6.1 Assignment. This agreement will not be assigned by either party without the prior written consent of the other party. However, it shall be binding upon successors in interest. Notwithstanding the foregoing, without Visit Orlando’s consent, Client may assign this agreement to any party acquiring all or substantially of the assets or stock of Client.

6.2 Governing Law. This Agreement will be governed in all respects by the laws of the state of Florida.

6.3 Amendment. This Agreement, including the related executed agreements or insertion orders, may be amended only by an instrument of writing executed by the parties or their permitted assignees.

6.4 Notices. All notices pursuant to this agreement shall be in writing and delivered or mailed by first class mail, postage prepaid, to the attention of the person set forth on the reverse side of this agreement.

6.5 Complete Agreement. This Agreement, together with related executed agreements or insertion orders constitute, the entire agreement between the Client and Visit Orlando with respect to the subject matter contained herein and no representation or statement not contained in the main body of this Agreement, or such schedule, shall be binding upon Visit Orlando by Client as a warranty or otherwise. In the event of any conflict between the terms of the main body of this Agreement and any other related agreements and/or insertion orders, the terms of the main body of this Agreement shall govern.

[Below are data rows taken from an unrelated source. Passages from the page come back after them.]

(* D = N * mubar - lam is the excess capacity.  Rates losing less than D / 2 of it leave the
   drift E = D / 4 on the J = \<lfloor>D / (4 * mumax)\<rfloor> lowest levels, and the bound on M makes the
   tail reach only levels below J / 2. *)
lemma nn_integral_inv_idle_tail_PiM_le_envelope:
  fixes F :: "real measure" and route :: "(nat \<Rightarrow> real) \<Rightarrow> nat set \<Rightarrow> nat pmf"
    and \<pi> :: "(nat \<Rightarrow> real) \<Rightarrow> qstate pmf"
  assumes F: "prob_space F" "sets F = sets borel" "AE x in F. mumin \<le> x \<and> x \<le> mumax"
    and mubar: "mubar = (\<integral>x. x \<partial>F)" "0 < mubar" "mumin \<le> mubar" "mubar \<le> mumax"
    and \<alpha>: "\<alpha> \<le> 1" and \<beta>: "0 < \<beta>"
    and L: "1 \<le> L" "8 * mumax \<le> \<beta> * mubar * L powr \<alpha>"
    and N: "real N = L + \<beta> * L powr \<alpha>"
    and route: "\<And>mu S. S \<noteq> {} \<Longrightarrow> set_pmf (route mu S) \<subseteq> S"
    and stat: "\<And>mu. (\<forall>k<N. mumin \<le> mu k \<and> mu k \<le> mumax) \<Longrightarrow>
                 stationary (mubar * L) gam N mu (route mu) (\<pi> mu)"
    and c: "0 < c" "real n powr \<alpha> \<le> c * L powr \<alpha>"
    and M: "8 * c * mumax / (\<beta> * mubar) \<le> M"
  shows "(\<integral>\<^sup>+mu. (\<integral>\<^sup>+x. inv_idle_tail \<alpha> n M x \<partial>measure_pmf (\<pi> mu)) \<partial>PiM {..<N} (\<lambda>_. F))
     \<le> ennreal (c * L powr \<alpha> * exp (- (\<beta>\<^sup>2 * mubar\<^sup>2 / (2 * (1 + \<beta>) * (mumax + 1 - mumin)\<^sup>2))
                                     * L powr (2 * \<alpha> - 1))
             + c * (\<beta> * mubar / (4 * mumax)) * L powr (2 * \<alpha>)
                 * exp (- (\<beta>\<^sup>2 * mubar / (16 * (4 + \<beta>) * mumax)) * L powr (2 * \<alpha> - 1)))"
proof -
  define D where "D = \<beta> * mubar * L powr \<alpha>"
  define J where "J = nat \<lfloor>D / 4 / mumax\<rfloor>"
  have "0 < real N"
    using N L \<beta> by (simp add: add_pos_nonneg)
  then have pos: "0 < mumax" "0 < D" "0 < M" "0 < N"
    using mubar(2-4) L \<beta> M c by (auto simp: D_def intro!: order.strict_trans2[OF _ M])
  have J: "real J \<le> D / 4 / mumax"
    using pos by (simp add: J_def)
  have "mubar * L powr \<alpha> \<le> 4 * mumax * L powr \<alpha>"
    using mubar(2-4) by (intro mult_right_mono) auto
  then have "D / 4 / mumax \<le> \<beta> * L powr \<alpha>"
    using pos \<beta> by (simp add: D_def field_simps)
  then have "J \<le> N"
    using J N L by linarith
  have threshold: "mubar * L + D / 4 + real J * mumax \<le> real N * (\<integral>x. x \<partial>F) - D / 2"
    using J pos by (simp add: N D_def mubar(1)[symmetric] field_simps)
  have K: "j \<le> J div 2" if "real j * M < real n powr \<alpha>" for j
  proof -
    have "c * (8 * mumax) * L powr \<alpha> \<le> M * (\<beta> * mubar) * L powr \<alpha>"
      using M \<beta> mubar(2) by (intro mult_right_mono) (auto simp: field_simps)
    then have "c * L powr \<alpha> \<le> D / 4 / mumax / 2 * M"
      using pos by (simp add: D_def field_simps)
    then have "real j * M < D / 4 / mumax / 2 * M"
      using that c(2) by linarith
    then have "real j < D / 4 / mumax / 2"
      using mult_less_cancel_right_pos[OF \<open>0 < M\<close>] by blast
    then show ?thesis
      unfolding J_def by (rule le_nat_floor_div_2)
  qed
  have "(\<integral>\<^sup>+mu. (\<integral>\<^sup>+x. inv_idle_tail \<alpha> n M x \<partial>measure_pmf (\<pi> mu)) \<partial>PiM {..<N} (\<lambda>_. F))
     \<le> ennreal (real n powr \<alpha> * exp (-2 * (D / 2)\<^sup>2 / (real N * (mumax + 1 - mumin)\<^sup>2))
               + real n powr \<alpha> * real (J div 2)
                   * (mubar * L / (mubar * L + D / 4)) ^ (J - J div 2))"
    using mubar(2-4) F(3) pos L \<open>J \<le> N\<close> K threshold
    by (intro nn_integral_inv_idle_tail_PiM_le[OF F(1,2,3) route stat]) auto
  also have "\<dots> \<le> ennreal (c * L powr \<alpha>
                * exp (- (\<beta>\<^sup>2 * mubar\<^sup>2 / (2 * (1 + \<beta>) * (mumax + 1 - mumin)\<^sup>2))
                       * L powr (2 * \<alpha> - 1))
             + c * (\<beta> * mubar / (4 * mumax)) * L powr (2 * \<alpha>)
                 * exp (- (\<beta>\<^sup>2 * mubar / (16 * (4 + \<beta>) * mumax)) * L powr (2 * \<alpha> - 1)))"
    unfolding D_def J_def using mubar(2-4) \<alpha> \<beta> L N c pos
    by (intro ennreal_leI tail_bound_le_envelope) auto
  finally show ?thesis .
qed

6.6 Recovery of Costs and Attorney’s Fees. In the event Client should fail or refuse to pay for the services provided or rendered by Visit Orlando as provided herein, it agrees that Visit Orlando shall be entitled and may recover in such action the cost and expenses of any collection efforts and legal actions required, including a reasonable attorney’s fee.

6.7 All ads should be submitted via electronic media and accompanied by a SWOP certified proof. This will provide a hard copy from which to verify that artwork, fonts, and other elements in the advertisement output accurately. In absence of a SWOP certified proof, Visit Orlando cannot be sure of the advertiser’s intent and, therefore, will not in any way be held responsible for errors or omissions not documented by advertiser in their review of the Visit Orlando proof provided and will not refund or credit already agreed upon advertising rates or other amounts should unnoted errors be subsequently printed.

Please note that proofs printed on a laser or inkjet color printer, or any other device that is not calibrated to SWOP specifications, are not an accurate representation of final color.

IN WITNESS WHEREOF, the parties hereto have respectively caused this Agreement to be executed by their duly authorizes officers as of the day and year first written below. The terms and conditions above will be applicable for all advertising contracts and insertion orders during the calendar year for which this agreement applies.